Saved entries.

lemma emeasure_large_increments_tendsto_0:
  assumes h: "h \<in> borel_measurable borel"
    and conv: "\<And>v. v \<in> {0..2} \<Longrightarrow> ((\<lambda>x. h (x + v) - h x) \<longlongrightarrow> 0) at_top"
    and z: "filterlim z at_top sequentially" and "0 < c"
  shows "(\<lambda>k. emeasure lborel (large_increments h c (z k))) \<longlonglongrightarrow> 0"
proof -
  define G where "G k = (\<Union>n\<in>{k..}. large_increments h c (z n))" for k
  have G_sets: "G k \<in> sets lborel" for k
    unfolding G_def using large_increments_sets[OF h] by (intro sets.countable_UN) auto
  have "emeasure lborel (G k) \<le> emeasure lborel {0..2::real}" for k
    by (intro emeasure_mono) (auto simp: G_def large_increments_def)
  then have G_finite: "emeasure lborel (G k) \<noteq> \<infinity>" for k
    using neq_top_trans[of "ennreal 2"] by simp
  have "(\<Inter>k. G k) = {}"
  proof (intro equals0I)
    fix v
    assume v: "v \<in> (\<Inter>k. G k)"
    then have "v \<in> G 0"
      by blast
    then have "v \<in> {0..2}"
      unfolding G_def large_increments_def by blast
    then have "((\<lambda>k. h (z k + v) - h (z k)) \<longlongrightarrow> 0) sequentially"
      using filterlim_compose[OF conv z] by simp
    then have "\<forall>\<^sub>F k in sequentially. \<bar>h (z k + v) - h (z k)\<bar> < c"
      using \<open>0 < c\<close> by (simp add: tendsto_iff dist_real_def)
    then obtain K where K: "\<And>k. K \<le> k \<Longrightarrow> \<bar>h (z k + v) - h (z k)\<bar> < c"
      unfolding eventually_sequentially by blast
    from v have "v \<in> G K"
      by blast
    then obtain n where "K \<le> n" "v \<in> large_increments h c (z n)"
      unfolding G_def by blast
    with K[of n] show False
      by (simp add: large_increments_def)
  qed
  moreover have "decseq G"
    unfolding G_def by (intro decseq_SucI) (auto simp: atLeast_Suc)
  then have "(\<lambda>k. emeasure lborel (G k)) \<longlonglongrightarrow> emeasure lborel (\<Inter>k. G k)"
    using G_sets G_finite by (intro Lim_emeasure_decseq) auto
  ultimately have G_lim: "(\<lambda>k. emeasure lborel (G k)) \<longlonglongrightarrow> 0"
    by simp
  have "\<forall>\<^sub>F k in sequentially. emeasure lborel (large_increments h c (z k)) \<le> emeasure lborel (G k)"
    using G_sets by (intro always_eventually allI emeasure_mono) (auto simp: G_def)
  from tendsto_sandwich[OF _ this tendsto_const G_lim] show ?thesis
    by simp
qed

The problem.
Read through the lines above and collect those that contain the string "auto".

Answer for the task.
    unfolding G_def using large_increments_sets[OF h] by (intro sets.countable_UN) auto
    by (intro emeasure_mono) (auto simp: G_def large_increments_def)
    unfolding G_def by (intro decseq_SucI) (auto simp: atLeast_Suc)
    using G_sets G_finite by (intro Lim_emeasure_decseq) auto
    using G_sets by (intro always_eventually allI emeasure_mono) (auto simp: G_def)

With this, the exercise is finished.